You can also use this library on the "other side" to validate SDM messages and read their contents. For unencrypted PICC data, do the following:

PiccData picc = new PiccData(uid, readCounter, usesLrp);

If the UID is not mirrored, set it to null. If the readCounter is not mirrored, set it to 0.

For encrypted PICC data, do the following:

PiccData picc = PiccData.decodeFromEncryptedBytes(encryptedBytes, key, usesLrp);

Note that the key for decrypting the PICC data can be a different key from validating the MAC / decrypting the file data. Therefore, you have to set this key with setMacFileKey().

Then, you can validate the MAC (use an empty byte array for the message if there isn't one):

picc.setMacFileKey(macFileKey);
picc.performShortMac(new byte[0]); // MAC on PICC-only data
picc.decryptFileData(filedata);

SDM Setups

This section describes some common ways to configure SDM. SDM has a lot of options, so just picking a starting point is sometimes difficult.

Personally, my preferred method is to create an NDEF URL that looks like this: "https://www.example.com/tagread/{UID}{COUNTER}/{MAC}"

Basically, this puts the UID and counter in plaintext. This means that if something is scanning but is not connected to the Internet, it can in fact read the UID off of the card from the URL. But, if you are connected to the Internet, it can do additional validation.

For general purposes, I personally recommend any additional information be stored on the server and retrieved rather than encoded into the card.

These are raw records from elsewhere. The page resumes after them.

lemma bruhat_decomp_invertible:
  assumes "bruhat_decomp n M U1 P U2"
  shows "invertible_mat M"
  using assms permutation_mat_invertible[of n P]
  unfolding bruhat_decomp_def permutation_mat_def
  by (metis invertible_mult_mat mult_carrier_mat)

(* W P_sigma = P_tau W' with W, W' upper triangular and W invertible: the nonzero diagonal entry
   W(i, i) reappears in W' at position (tau i, sigma i). *)
lemma bruhat_decomp_perm_le:
  assumes a: "bruhat_decomp n M A1 (perm_mat n \<sigma>) A2" and b: "bruhat_decomp n M B1 (perm_mat n \<tau>) B2"
    and \<sigma>: "\<sigma> permutes {..<n}" and \<tau>: "\<tau> permutes {..<n}" and i: "i < n"
  shows "\<tau> i \<le> \<sigma> i"
proof -
  have A: "A1 \<in> carrier_mat n n" "A2 \<in> carrier_mat n n" "invertible_mat A1" "upper_triangular A1"
    "invertible_mat A2" "upper_triangular A2" "M = A1 * perm_mat n \<sigma> * A2"
    using a unfolding bruhat_decomp_def by blast+
  have B: "B1 \<in> carrier_mat n n" "B2 \<in> carrier_mat n n" "invertible_mat B1" "upper_triangular B1"
    "invertible_mat B2" "upper_triangular B2" "M = B1 * perm_mat n \<tau> * B2"
    using b unfolding bruhat_decomp_def by blast+
  obtain B1' where B1': "B1' \<in> carrier_mat n n" "B1' * B1 = 1\<^sub>m n" "invertible_mat B1'" "upper_triangular B1'"
    using invertible_upper_triangularE[OF B(1,3,4)] by metis
  obtain A2' where A2': "A2' \<in> carrier_mat n n" "A2 * A2' = 1\<^sub>m n" "invertible_mat A2'" "upper_triangular A2'"
    using invertible_upper_triangularE[OF A(2,5,6)] by metis
  define W where "W = B1' * A1"
  define W' where "W' = B2 * A2'"
  have W: "W \<in> carrier_mat n n" "upper_triangular W" "det W \<noteq> 0"
    unfolding W_def using A B1'
    by (auto intro: upper_triangular_mult simp: det_mult[of _ n] invertible_mat_iff_det[of _ n])
  have W': "W' \<in> carrier_mat n n" "upper_triangular W'"
    unfolding W'_def using A2' B upper_triangular_mult by auto
  have "W * perm_mat n \<sigma> = perm_mat n \<tau> * W'"
  proof -
    have "W * perm_mat n \<sigma> = B1' * M * A2'"
      unfolding W_def A(7) using A A2' B1'
      by (simp add: mult_carrier_mat[of _ n n _ n] assoc_mult_mat[of _ n n _ n _ n])
    also have "\<dots> = perm_mat n \<tau> * W'"
      unfolding W'_def B(7) using B A2' B1'
      by (simp add: mult_carrier_mat[of _ n n _ n] assoc_mult_mat[of _ n n _ n _ n]
          mult_mat_cancel_left[OF B1'(2,1) B(1), where m = n])
    finally show ?thesis .
  qed
  moreover have "\<sigma> i < n"
    using permutes_in_image[OF \<sigma>, of i] i by simp
  ultimately have "W' $$ (\<tau> i, \<sigma> i) = W $$ (i, i)"
    using mult_perm_mat_index[OF \<sigma> W(1) i i] perm_mat_mult_index[OF \<tau> W'(1) i] by simp
  moreover have "W $$ (i, i) \<noteq> 0"
    using upper_triangular_diag_nonzero[OF W i] .
  moreover have "\<tau> i < n"
    using permutes_in_image[OF \<tau>, of i] i by simp
  ultimately show ?thesis
    using upper_triangularD[OF W'(2), of "\<sigma> i" "\<tau> i"] W'(1) by force
qed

It just makes life easier, because then you just have an NDEF record to deal with, and you can easily link the data to the card after-the-fact with minimal tooling. Basically, you have a card programmer, and, after the cards are programmed with your keys/URL, you can use other devices to tie those cards to something, and they don't need your encryption keys to do it.

Key diversification

Key diversification allows you to have a different key on each device so that if someone were to steal the keys from the tag (which is itself a very difficult thing to do) it would not help them to know the keys for the other tags.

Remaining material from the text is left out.